▸ Your goal:
Copy each line of the records that contains the word "meson".

▸ Input for this task:
lemma ded_Union_chain:
  assumes "ded fs (\<Union>\<C>) \<phi>" "\<C> \<noteq> {}" "subset.chain \<A> \<C>"
  shows "\<exists>\<Gamma>\<in>\<C>. ded fs \<Gamma> \<phi>"
  using assms(1)
proof (induction rule: ded.induct)
  case (ded_hyp \<phi>)
  then show ?case using ded.ded_hyp by blast
next
  case (ded_deriv \<phi>)
  then show ?case using assms(2) ded.ded_deriv by blast
next
  case (ded_mp \<phi> \<psi>)
  then obtain \<Gamma> \<Delta> where "\<Gamma> \<in> \<C>" "ded fs \<Gamma> (Imp \<phi> \<psi>)" "\<Delta> \<in> \<C>" "ded fs \<Delta> \<phi>"
    by blast
  moreover have "\<Gamma> \<subseteq> \<Delta> \<or> \<Delta> \<subseteq> \<Gamma>"
    using assms(3) \<open>\<Gamma> \<in> \<C>\<close> \<open>\<Delta> \<in> \<C>\<close> unfolding subset.chain_def by blast
  ultimately show ?case by (meson ded.ded_mp ded_mono)
qed

lemma ded_Next_image: "ded fs \<Gamma> \<phi> \<Longrightarrow> ded fs (Next ` \<Gamma>) (Next \<phi>)"
proof (induction rule: ded.induct)
  case (ded_mp \<phi> \<psi>)
  then show ?case by (meson ded.intros deriv.ax_N4)
qed (simp_all add: ded.intros deriv.nec)

lemma ded_Un_Next_imageD:
  assumes "ded fs (\<Gamma> \<union> Next ` A) \<chi>" "A \<noteq> {}"
    and And_closed: "\<And>\<phi> \<psi>. \<phi> \<in> A \<Longrightarrow> \<psi> \<in> A \<Longrightarrow> And \<phi> \<psi> \<in> A"
  shows "\<exists>\<alpha>\<in>A. ded fs \<Gamma> (Imp (Next \<alpha>) \<chi>)"
  using assms(1)
proof (induction rule: ded.induct)
  case (ded_hyp \<phi>)
  then consider "\<phi> \<in> \<Gamma>" | "\<phi> \<in> Next ` A" by blast
  then show ?case
  proof cases
    case 1
    then show ?thesis using assms(2) by (meson all_not_in_conv ded.intros deriv.ax_K)
  next
    case 2
    then show ?thesis using ded.ded_deriv deriv_Imp_refl by blast
  qed
next
  case (ded_deriv \<phi>)
  then show ?case
    using assms(2) by (meson all_not_in_conv ded.intros deriv.ax_K)
next
  case (ded_mp \<phi> \<psi>)
  then obtain \<alpha> \<beta> where "\<alpha> \<in> A" "ded fs \<Gamma> (Imp (Next \<alpha>) (Imp \<phi> \<psi>))"
    and "\<beta> \<in> A" "ded fs \<Gamma> (Imp (Next \<beta>) \<phi>)"
    by blast
  moreover have "ded fs (insert (Next (And \<alpha> \<beta>)) \<Gamma>) (Next \<alpha>)"
    "ded fs (insert (Next (And \<alpha> \<beta>)) \<Gamma>) (Next \<beta>)"
    by (meson ded.intros deriv.ax_conjE1 deriv.ax_conjE2 deriv_Next_mono insertI1)+
  ultimately have "ded fs (insert (Next (And \<alpha> \<beta>)) \<Gamma>) \<psi>"
    by (meson ded.ded_mp ded_mono subset_insertI)
  then show ?case
    using And_closed \<open>\<alpha> \<in> A\<close> \<open>\<beta> \<in> A\<close> ded_ImpI by blast
qed

definition prime_theory :: "bool \<Rightarrow> form set \<Rightarrow> bool" where
  "prime_theory fs \<Gamma> \<longleftrightarrow>
     (\<forall>\<phi>. ded fs \<Gamma> \<phi> \<longrightarrow> \<phi> \<in> \<Gamma>) \<and> Bot \<notin> \<Gamma> \<and>
     (\<forall>\<phi> \<psi>. Or \<phi> \<psi> \<in> \<Gamma> \<longrightarrow> \<phi> \<in> \<Gamma> \<or> \<psi> \<in> \<Gamma>)"

lemma prime_theory_ded: "prime_theory fs \<Gamma> \<Longrightarrow> ded fs \<Gamma> \<phi> \<Longrightarrow> \<phi> \<in> \<Gamma>"
  unfolding prime_theory_def by blast

lemma prime_theory_deriv: "prime_theory fs \<Gamma> \<Longrightarrow> deriv fs \<phi> \<Longrightarrow> \<phi> \<in> \<Gamma>"
  by (simp add: ded.ded_deriv prime_theory_ded)

lemma prime_theory_mp: "prime_theory fs \<Gamma> \<Longrightarrow> Imp \<phi> \<psi> \<in> \<Gamma> \<Longrightarrow> \<phi> \<in> \<Gamma> \<Longrightarrow> \<psi> \<in> \<Gamma>"
  by (meson ded.ded_hyp ded.ded_mp prime_theory_ded)

lemma prime_theory_Bot: "prime_theory fs \<Gamma> \<Longrightarrow> Bot \<notin> \<Gamma>"
  unfolding prime_theory_def by blast

lemma prime_theory_And_iff:
  "prime_theory fs \<Gamma> \<Longrightarrow> And \<phi> \<psi> \<in> \<Gamma> \<longleftrightarrow> \<phi> \<in> \<Gamma> \<and> \<psi> \<in> \<Gamma>"
  by (meson deriv.ax_conjE1 deriv.ax_conjE2 deriv.ax_conjI prime_theory_deriv prime_theory_mp)

lemma prime_theory_Or_iff:
  "prime_theory fs \<Gamma> \<Longrightarrow> Or \<phi> \<psi> \<in> \<Gamma> \<longleftrightarrow> \<phi> \<in> \<Gamma> \<or> \<psi> \<in> \<Gamma>"
  using prime_theory_def[of fs \<Gamma>]
  by (meson deriv.ax_disjI1 deriv.ax_disjI2 prime_theory_deriv prime_theory_mp)

text \<open>Closure of D under disjunction (up to derivability) is what makes a maximal theory
  avoiding D prime.\<close>

lemma lindenbaum:
  assumes "D \<noteq> {}"
    and Or_closed: "\<And>\<delta> \<epsilon>. \<delta> \<in> D \<Longrightarrow> \<epsilon> \<in> D \<Longrightarrow> \<exists>\<gamma>\<in>D. deriv fs (Imp (Or \<delta> \<epsilon>) \<gamma>)"
    and avoids: "\<And>\<delta>. \<delta> \<in> D \<Longrightarrow> \<not> ded fs \<Gamma> \<delta>"
  shows "\<exists>M. \<Gamma> \<subseteq> M \<and> prime_theory fs M \<and> M \<inter> D = {}"
proof -
  define \<A> where "\<A> = {\<Delta>. \<Gamma> \<subseteq> \<Delta> \<and> (\<forall>\<delta>\<in>D. \<not> ded fs \<Delta> \<delta>)}"
  have "\<Union>\<C> \<in> \<A>" if "\<C> \<noteq> {}" and chain: "subset.chain \<A> \<C>" for \<C>
  proof -
    have members: "\<Gamma> \<subseteq> \<Delta> \<and> (\<forall>\<delta>\<in>D. \<not> ded fs \<Delta> \<delta>)" if "\<Delta> \<in> \<C>" for \<Delta>
      using chain that unfolding \<A>_def subset.chain_def by blast
    have "\<Gamma> \<subseteq> \<Union>\<C>"
      using members \<open>\<C> \<noteq> {}\<close> by blast
    moreover have "\<not> ded fs (\<Union>\<C>) \<delta>" if "\<delta> \<in> D" for \<delta>
      using ded_Union_chain[OF _ \<open>\<C> \<noteq> {}\<close> chain] members that by blast
    ultimately show ?thesis
      unfolding \<A>_def by blast
  qed
  moreover have "\<Gamma> \<in> \<A>"
    using avoids unfolding \<A>_def by blast
  ultimately obtain M where "M \<in> \<A>" and maximal: "\<And>\<Delta>. \<Delta> \<in> \<A> \<Longrightarrow> M \<subseteq> \<Delta> \<Longrightarrow> \<Delta> = M"
    using subset_Zorn_nonempty[of \<A>] by blast
  then have "\<Gamma> \<subseteq> M" and M_avoids: "\<And>\<delta>. \<delta> \<in> D \<Longrightarrow> \<not> ded fs M \<delta>"
    unfolding \<A>_def by auto
  have refutes: "\<exists>\<delta>\<in>D. ded fs M (Imp \<phi> \<delta>)" if "\<phi> \<notin> M" for \<phi>
  proof (rule ccontr)
    assume "\<not> ?thesis"
    then have "insert \<phi> M \<in> \<A>"
      using \<open>\<Gamma> \<subseteq> M\<close> by (auto simp: \<A>_def ded_deduction)
    then show False
      using maximal that by blast
  qed
  have closed: "\<phi> \<in> M" if "ded fs M \<phi>" for \<phi>
  proof (rule ccontr)
    assume "\<phi> \<notin> M"
    then obtain \<delta> where "\<delta> \<in> D" "ded fs M (Imp \<phi> \<delta>)"
      using refutes by blast
    then show False
      using M_avoids ded.ded_mp[OF _ that] by blast
  qed
  have "Bot \<notin> M"
  proof
    assume "Bot \<in> M"
    obtain \<delta> where "\<delta> \<in> D"
      using \<open>D \<noteq> {}\<close> by blast
    moreover have "ded fs M \<delta>"
      using ded.ded_mp[OF ded.ded_deriv[OF deriv.ax_efq] ded.ded_hyp[OF \<open>Bot \<in> M\<close>]] .
    ultimately show False
      using M_avoids by blast
  qed
  moreover have "\<phi> \<in> M \<or> \<psi> \<in> M" if "Or \<phi> \<psi> \<in> M" for \<phi> \<psi>
  proof (rule ccontr)
    assume "\<not> ?thesis"
    then obtain \<delta> \<epsilon> where "\<delta> \<in> D" "\<epsilon> \<in> D"
      and \<phi>\<delta>: "ded fs M (Imp \<phi> \<delta>)" and \<psi>\<epsilon>: "ded fs M (Imp \<psi> \<epsilon>)"
      using refutes by blast
    then obtain \<gamma> where "\<gamma> \<in> D" and \<gamma>: "ded fs M (Imp (Or \<delta> \<epsilon>) \<gamma>)"
      using Or_closed ded.ded_deriv by blast
    have \<phi>\<gamma>: "ded fs M (Imp \<phi> \<gamma>)"
      using ded_Imp_trans[OF \<phi>\<delta> ded_Imp_trans[OF ded.ded_deriv[OF deriv.ax_disjI1] \<gamma>]] .
    have \<psi>\<gamma>: "ded fs M (Imp \<psi> \<gamma>)"
      using ded_Imp_trans[OF \<psi>\<epsilon> ded_Imp_trans[OF ded.ded_deriv[OF deriv.ax_disjI2] \<gamma>]] .
    have "ded fs M \<gamma>"
      using ded.ded_mp[OF ded.ded_mp[OF ded.ded_mp[OF ded.ded_deriv[OF deriv.ax_disjE] \<phi>\<gamma>] \<psi>\<gamma>]
          ded.ded_hyp[OF \<open>Or \<phi> \<psi> \<in> M\<close>]] .
    then show False
      using M_avoids \<open>\<gamma> \<in> D\<close> by blast
  qed
  ultimately have "prime_theory fs M"
    unfolding prime_theory_def using closed by blast
  moreover have "M \<inter> D = {}"
    using M_avoids ded.ded_hyp by blast
  ultimately show ?thesis
    using \<open>\<Gamma> \<subseteq> M\<close> by blast
qed

lemma lindenbaum_formula:
  assumes "\<not> ded fs \<Gamma> \<phi>"
  shows "\<exists>M. \<Gamma> \<subseteq> M \<and> prime_theory fs M \<and> \<phi> \<notin> M"
proof -
  have "deriv fs (Imp (Or \<phi> \<phi>) \<phi>)"
    by (meson deriv.ax_disjE deriv.mp deriv_Imp_refl)
  then show ?thesis
    using lindenbaum[of "{\<phi>}"] assms by blast
qed

lemma prime_theory_Imp_iff:
  assumes "prime_theory fs \<Gamma>"
  shows "Imp \<phi> \<psi> \<in> \<Gamma> \<longleftrightarrow> (\<forall>\<Delta>. prime_theory fs \<Delta> \<longrightarrow> \<Gamma> \<subseteq> \<Delta> \<longrightarrow> \<phi> \<in> \<Delta> \<longrightarrow> \<psi> \<in> \<Delta>)"
proof
  assume "Imp \<phi> \<psi> \<in> \<Gamma>"
  then show "\<forall>\<Delta>. prime_theory fs \<Delta> \<longrightarrow> \<Gamma> \<subseteq> \<Delta> \<longrightarrow> \<phi> \<in> \<Delta> \<longrightarrow> \<psi> \<in> \<Delta>"
    using prime_theory_mp by blast
next
  assume extensions: "\<forall>\<Delta>. prime_theory fs \<Delta> \<longrightarrow> \<Gamma> \<subseteq> \<Delta> \<longrightarrow> \<phi> \<in> \<Delta> \<longrightarrow> \<psi> \<in> \<Delta>"
  show "Imp \<phi> \<psi> \<in> \<Gamma>"
  proof (rule ccontr)
    assume "Imp \<phi> \<psi> \<notin> \<Gamma>"
    then have "\<not> ded fs (insert \<phi> \<Gamma>) \<psi>"
      using assms prime_theory_ded ded_deduction by blast
    then show False
      using lindenbaum_formula extensions by blast
  qed
qed

definition successor :: "form set \<Rightarrow> form set" where
  "successor \<Gamma> = {\<phi>. Next \<phi> \<in> \<Gamma>}"

lemma prime_theory_successor:
  assumes "prime_theory fs \<Gamma>"
  shows "prime_theory fs (successor \<Gamma>)"
  unfolding prime_theory_def
proof (intro conjI allI impI)
  fix \<phi> assume "ded fs (successor \<Gamma>) \<phi>"
  then have "ded fs (Next ` successor \<Gamma>) (Next \<phi>)"
    by (rule ded_Next_image)
  then have "ded fs \<Gamma> (Next \<phi>)"
    by (rule ded_mono) (auto simp: successor_def)
  then show "\<phi> \<in> successor \<Gamma>"
    using assms prime_theory_ded by (simp add: successor_def)
next
  have "Imp (Next Bot) Bot \<in> \<Gamma>"
    using assms deriv.ax_N1 prime_theory_deriv unfolding Neg_def by blast
  then show "Bot \<notin> successor \<Gamma>"
    using assms prime_theory_Bot prime_theory_mp unfolding successor_def by blast
next
  fix \<phi> \<psi> assume "Or \<phi> \<psi> \<in> successor \<Gamma>"
  then have "Or (Next \<phi>) (Next \<psi>) \<in> \<Gamma>"
    using assms deriv.ax_N3 prime_theory_deriv prime_theory_mp unfolding successor_def by blast
  then show "\<phi> \<in> successor \<Gamma> \<or> \<psi> \<in> successor \<Gamma>"
    using assms prime_theory_Or_iff unfolding successor_def by blast
qed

▸ Result:
  ultimately show ?case by (meson ded.ded_mp ded_mono)
  then show ?case by (meson ded.intros deriv.ax_N4)
    then show ?thesis using assms(2) by (meson all_not_in_conv ded.intros deriv.ax_K)
    using assms(2) by (meson all_not_in_conv ded.intros deriv.ax_K)
    by (meson ded.intros deriv.ax_conjE1 deriv.ax_conjE2 deriv_Next_mono insertI1)+
    by (meson ded.ded_mp ded_mono subset_insertI)
  by (meson ded.ded_hyp ded.ded_mp prime_theory_ded)
  by (meson deriv.ax_conjE1 deriv.ax_conjE2 deriv.ax_conjI prime_theory_deriv prime_theory_mp)
  by (meson deriv.ax_disjI1 deriv.ax_disjI2 prime_theory_deriv prime_theory_mp)
    by (meson deriv.ax_disjE deriv.mp deriv_Imp_refl)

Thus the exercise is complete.